> MATERIAL SHOWN
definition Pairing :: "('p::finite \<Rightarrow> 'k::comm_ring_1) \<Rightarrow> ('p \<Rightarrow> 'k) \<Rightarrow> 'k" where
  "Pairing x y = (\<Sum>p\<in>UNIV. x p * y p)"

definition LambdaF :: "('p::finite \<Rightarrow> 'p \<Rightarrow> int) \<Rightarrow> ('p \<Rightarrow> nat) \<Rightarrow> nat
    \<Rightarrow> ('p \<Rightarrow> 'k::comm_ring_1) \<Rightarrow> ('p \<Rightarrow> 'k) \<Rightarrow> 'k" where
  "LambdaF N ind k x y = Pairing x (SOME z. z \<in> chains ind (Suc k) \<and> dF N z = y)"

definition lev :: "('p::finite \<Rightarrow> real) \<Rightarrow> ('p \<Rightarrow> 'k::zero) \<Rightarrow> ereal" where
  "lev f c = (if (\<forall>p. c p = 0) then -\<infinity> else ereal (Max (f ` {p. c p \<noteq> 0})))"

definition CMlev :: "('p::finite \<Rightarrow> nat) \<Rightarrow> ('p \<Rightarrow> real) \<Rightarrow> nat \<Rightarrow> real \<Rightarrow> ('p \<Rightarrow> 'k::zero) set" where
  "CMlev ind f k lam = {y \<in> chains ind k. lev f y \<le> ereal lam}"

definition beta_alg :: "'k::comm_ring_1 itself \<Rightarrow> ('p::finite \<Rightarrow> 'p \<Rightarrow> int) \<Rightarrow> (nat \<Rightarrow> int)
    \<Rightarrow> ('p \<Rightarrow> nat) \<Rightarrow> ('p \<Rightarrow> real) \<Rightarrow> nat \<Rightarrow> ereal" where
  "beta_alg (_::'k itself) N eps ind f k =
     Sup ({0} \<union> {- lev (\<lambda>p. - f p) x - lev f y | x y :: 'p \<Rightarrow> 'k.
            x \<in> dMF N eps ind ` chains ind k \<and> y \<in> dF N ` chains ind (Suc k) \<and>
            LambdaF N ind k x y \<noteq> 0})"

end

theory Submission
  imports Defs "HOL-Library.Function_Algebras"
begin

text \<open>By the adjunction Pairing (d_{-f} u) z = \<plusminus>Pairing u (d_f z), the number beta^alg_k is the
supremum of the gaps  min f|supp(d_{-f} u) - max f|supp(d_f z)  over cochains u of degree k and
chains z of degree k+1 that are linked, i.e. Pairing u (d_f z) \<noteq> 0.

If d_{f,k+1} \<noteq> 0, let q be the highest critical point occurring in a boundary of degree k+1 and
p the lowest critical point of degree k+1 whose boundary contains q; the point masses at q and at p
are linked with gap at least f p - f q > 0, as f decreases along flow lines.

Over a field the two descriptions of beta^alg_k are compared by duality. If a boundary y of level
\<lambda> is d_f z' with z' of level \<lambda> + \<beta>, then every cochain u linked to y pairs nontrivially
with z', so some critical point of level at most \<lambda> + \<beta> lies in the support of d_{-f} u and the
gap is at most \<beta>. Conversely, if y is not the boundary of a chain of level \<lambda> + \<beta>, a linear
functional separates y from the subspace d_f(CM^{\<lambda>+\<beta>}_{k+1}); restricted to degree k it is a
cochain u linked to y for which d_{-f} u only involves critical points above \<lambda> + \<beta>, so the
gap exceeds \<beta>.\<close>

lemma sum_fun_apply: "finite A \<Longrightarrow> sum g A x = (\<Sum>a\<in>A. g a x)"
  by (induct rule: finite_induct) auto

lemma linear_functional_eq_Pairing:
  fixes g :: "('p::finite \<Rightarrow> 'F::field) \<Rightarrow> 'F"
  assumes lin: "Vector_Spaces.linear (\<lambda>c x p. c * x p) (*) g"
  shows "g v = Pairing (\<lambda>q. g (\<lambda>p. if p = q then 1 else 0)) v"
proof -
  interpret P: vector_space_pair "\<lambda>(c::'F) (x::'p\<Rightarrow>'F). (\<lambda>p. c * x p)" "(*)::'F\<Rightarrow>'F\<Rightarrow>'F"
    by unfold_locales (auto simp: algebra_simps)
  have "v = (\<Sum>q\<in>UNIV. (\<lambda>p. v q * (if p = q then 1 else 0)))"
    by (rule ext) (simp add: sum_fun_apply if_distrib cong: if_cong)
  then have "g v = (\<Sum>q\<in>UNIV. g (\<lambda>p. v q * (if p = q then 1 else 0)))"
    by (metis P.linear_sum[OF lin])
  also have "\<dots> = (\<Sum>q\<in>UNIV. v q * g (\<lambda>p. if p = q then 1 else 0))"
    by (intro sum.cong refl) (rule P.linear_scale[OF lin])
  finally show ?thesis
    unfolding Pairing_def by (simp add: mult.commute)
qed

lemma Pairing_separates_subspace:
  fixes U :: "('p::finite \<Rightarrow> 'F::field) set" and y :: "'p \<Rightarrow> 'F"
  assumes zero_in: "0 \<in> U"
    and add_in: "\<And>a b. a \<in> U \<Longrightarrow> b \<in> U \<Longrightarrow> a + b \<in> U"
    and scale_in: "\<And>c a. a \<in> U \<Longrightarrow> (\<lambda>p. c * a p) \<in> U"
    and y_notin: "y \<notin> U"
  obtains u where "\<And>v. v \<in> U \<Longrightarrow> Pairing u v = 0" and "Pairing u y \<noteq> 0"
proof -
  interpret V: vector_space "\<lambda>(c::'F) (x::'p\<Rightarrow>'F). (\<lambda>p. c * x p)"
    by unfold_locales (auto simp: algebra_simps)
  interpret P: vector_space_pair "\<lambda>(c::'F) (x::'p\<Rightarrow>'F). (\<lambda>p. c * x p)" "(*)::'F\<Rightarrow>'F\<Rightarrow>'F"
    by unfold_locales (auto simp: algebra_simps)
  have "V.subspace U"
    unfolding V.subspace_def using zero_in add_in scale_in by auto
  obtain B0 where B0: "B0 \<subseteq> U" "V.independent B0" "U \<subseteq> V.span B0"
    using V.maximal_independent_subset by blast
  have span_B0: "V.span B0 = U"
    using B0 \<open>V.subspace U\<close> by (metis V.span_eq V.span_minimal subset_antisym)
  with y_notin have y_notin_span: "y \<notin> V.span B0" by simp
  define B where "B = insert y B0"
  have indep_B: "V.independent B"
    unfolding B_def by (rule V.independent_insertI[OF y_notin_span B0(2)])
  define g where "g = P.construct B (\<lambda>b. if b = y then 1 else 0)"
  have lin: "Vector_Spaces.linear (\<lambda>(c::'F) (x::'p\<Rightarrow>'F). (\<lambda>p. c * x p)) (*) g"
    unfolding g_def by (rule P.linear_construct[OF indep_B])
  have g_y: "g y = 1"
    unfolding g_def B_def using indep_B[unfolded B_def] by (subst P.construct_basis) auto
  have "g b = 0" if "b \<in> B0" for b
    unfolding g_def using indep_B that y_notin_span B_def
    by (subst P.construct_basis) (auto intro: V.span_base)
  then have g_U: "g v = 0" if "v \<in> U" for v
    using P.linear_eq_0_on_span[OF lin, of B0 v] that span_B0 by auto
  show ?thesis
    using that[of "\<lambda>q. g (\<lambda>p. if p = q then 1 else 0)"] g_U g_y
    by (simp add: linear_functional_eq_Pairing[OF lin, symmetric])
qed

> TASK TO CARRY OUT
Retype all of the entries exactly, please.

> OUTPUT OF THE EXERCISE
definition Pairing :: "('p::finite \<Rightarrow> 'k::comm_ring_1) \<Rightarrow> ('p \<Rightarrow> 'k) \<Rightarrow> 'k" where
  "Pairing x y = (\<Sum>p\<in>UNIV. x p * y p)"

definition LambdaF :: "('p::finite \<Rightarrow> 'p \<Rightarrow> int) \<Rightarrow> ('p \<Rightarrow> nat) \<Rightarrow> nat
    \<Rightarrow> ('p \<Rightarrow> 'k::comm_ring_1) \<Rightarrow> ('p \<Rightarrow> 'k) \<Rightarrow> 'k" where
  "LambdaF N ind k x y = Pairing x (SOME z. z \<in> chains ind (Suc k) \<and> dF N z = y)"

definition lev :: "('p::finite \<Rightarrow> real) \<Rightarrow> ('p \<Rightarrow> 'k::zero) \<Rightarrow> ereal" where
  "lev f c = (if (\<forall>p. c p = 0) then -\<infinity> else ereal (Max (f ` {p. c p \<noteq> 0})))"

definition CMlev :: "('p::finite \<Rightarrow> nat) \<Rightarrow> ('p \<Rightarrow> real) \<Rightarrow> nat \<Rightarrow> real \<Rightarrow> ('p \<Rightarrow> 'k::zero) set" where
  "CMlev ind f k lam = {y \<in> chains ind k. lev f y \<le> ereal lam}"

definition beta_alg :: "'k::comm_ring_1 itself \<Rightarrow> ('p::finite \<Rightarrow> 'p \<Rightarrow> int) \<Rightarrow> (nat \<Rightarrow> int)
    \<Rightarrow> ('p \<Rightarrow> nat) \<Rightarrow> ('p \<Rightarrow> real) \<Rightarrow> nat \<Rightarrow> ereal" where
  "beta_alg (_::'k itself) N eps ind f k =
     Sup ({0} \<union> {- lev (\<lambda>p. - f p) x - lev f y | x y :: 'p \<Rightarrow> 'k.
            x \<in> dMF N eps ind ` chains ind k \<and> y \<in> dF N ` chains ind (Suc k) \<and>
            LambdaF N ind k x y \<noteq> 0})"

end

theory Submission
  imports Defs "HOL-Library.Function_Algebras"
begin

text \<open>By the adjunction Pairing (d_{-f} u) z = \<plusminus>Pairing u (d_f z), the number beta^alg_k is the
supremum of the gaps  min f|supp(d_{-f} u) - max f|supp(d_f z)  over cochains u of degree k and
chains z of degree k+1 that are linked, i.e. Pairing u (d_f z) \<noteq> 0.

If d_{f,k+1} \<noteq> 0, let q be the highest critical point occurring in a boundary of degree k+1 and
p the lowest critical point of degree k+1 whose boundary contains q; the point masses at q and at p
are linked with gap at least f p - f q > 0, as f decreases along flow lines.

Over a field the two descriptions of beta^alg_k are compared by duality. If a boundary y of level
\<lambda> is d_f z' with z' of level \<lambda> + \<beta>, then every cochain u linked to y pairs nontrivially
with z', so some critical point of level at most \<lambda> + \<beta> lies in the support of d_{-f} u and the
gap is at most \<beta>. Conversely, if y is not the boundary of a chain of level \<lambda> + \<beta>, a linear
functional separates y from the subspace d_f(CM^{\<lambda>+\<beta>}_{k+1}); restricted to degree k it is a
cochain u linked to y for which d_{-f} u only involves critical points above \<lambda> + \<beta>, so the
gap exceeds \<beta>.\<close>

lemma sum_fun_apply: "finite A \<Longrightarrow> sum g A x = (\<Sum>a\<in>A. g a x)"
  by (induct rule: finite_induct) auto

lemma linear_functional_eq_Pairing:
  fixes g :: "('p::finite \<Rightarrow> 'F::field) \<Rightarrow> 'F"
  assumes lin: "Vector_Spaces.linear (\<lambda>c x p. c * x p) (*) g"
  shows "g v = Pairing (\<lambda>q. g (\<lambda>p. if p = q then 1 else 0)) v"
proof -
  interpret P: vector_space_pair "\<lambda>(c::'F) (x::'p\<Rightarrow>'F). (\<lambda>p. c * x p)" "(*)::'F\<Rightarrow>'F\<Rightarrow>'F"
    by unfold_locales (auto simp: algebra_simps)
  have "v = (\<Sum>q\<in>UNIV. (\<lambda>p. v q * (if p = q then 1 else 0)))"
    by (rule ext) (simp add: sum_fun_apply if_distrib cong: if_cong)
  then have "g v = (\<Sum>q\<in>UNIV. g (\<lambda>p. v q * (if p = q then 1 else 0)))"
    by (metis P.linear_sum[OF lin])
  also have "\<dots> = (\<Sum>q\<in>UNIV. v q * g (\<lambda>p. if p = q then 1 else 0))"
    by (intro sum.cong refl) (rule P.linear_scale[OF lin])
  finally show ?thesis
    unfolding Pairing_def by (simp add: mult.commute)
qed

lemma Pairing_separates_subspace:
  fixes U :: "('p::finite \<Rightarrow> 'F::field) set" and y :: "'p \<Rightarrow> 'F"
  assumes zero_in: "0 \<in> U"
    and add_in: "\<And>a b. a \<in> U \<Longrightarrow> b \<in> U \<Longrightarrow> a + b \<in> U"
    and scale_in: "\<And>c a. a \<in> U \<Longrightarrow> (\<lambda>p. c * a p) \<in> U"
    and y_notin: "y \<notin> U"
  obtains u where "\<And>v. v \<in> U \<Longrightarrow> Pairing u v = 0" and "Pairing u y \<noteq> 0"
proof -
  interpret V: vector_space "\<lambda>(c::'F) (x::'p\<Rightarrow>'F). (\<lambda>p. c * x p)"
    by unfold_locales (auto simp: algebra_simps)
  interpret P: vector_space_pair "\<lambda>(c::'F) (x::'p\<Rightarrow>'F). (\<lambda>p. c * x p)" "(*)::'F\<Rightarrow>'F\<Rightarrow>'F"
    by unfold_locales (auto simp: algebra_simps)
  have "V.subspace U"
    unfolding V.subspace_def using zero_in add_in scale_in by auto
  obtain B0 where B0: "B0 \<subseteq> U" "V.independent B0" "U \<subseteq> V.span B0"
    using V.maximal_independent_subset by blast
  have span_B0: "V.span B0 = U"
    using B0 \<open>V.subspace U\<close> by (metis V.span_eq V.span_minimal subset_antisym)
  with y_notin have y_notin_span: "y \<notin> V.span B0" by simp
  define B where "B = insert y B0"
  have indep_B: "V.independent B"
    unfolding B_def by (rule V.independent_insertI[OF y_notin_span B0(2)])
  define g where "g = P.construct B (\<lambda>b. if b = y then 1 else 0)"
  have lin: "Vector_Spaces.linear (\<lambda>(c::'F) (x::'p\<Rightarrow>'F). (\<lambda>p. c * x p)) (*) g"
    unfolding g_def by (rule P.linear_construct[OF indep_B])
  have g_y: "g y = 1"
    unfolding g_def B_def using indep_B[unfolded B_def] by (subst P.construct_basis) auto
  have "g b = 0" if "b \<in> B0" for b
    unfolding g_def using indep_B that y_notin_span B_def
    by (subst P.construct_basis) (auto intro: V.span_base)
  then have g_U: "g v = 0" if "v \<in> U" for v
    using P.linear_eq_0_on_span[OF lin, of B0 v] that span_B0 by auto
  show ?thesis
    using that[of "\<lambda>q. g (\<lambda>p. if p = q then 1 else 0)"] g_U g_y
    by (simp add: linear_functional_eq_Pairing[OF lin, symmetric])
qed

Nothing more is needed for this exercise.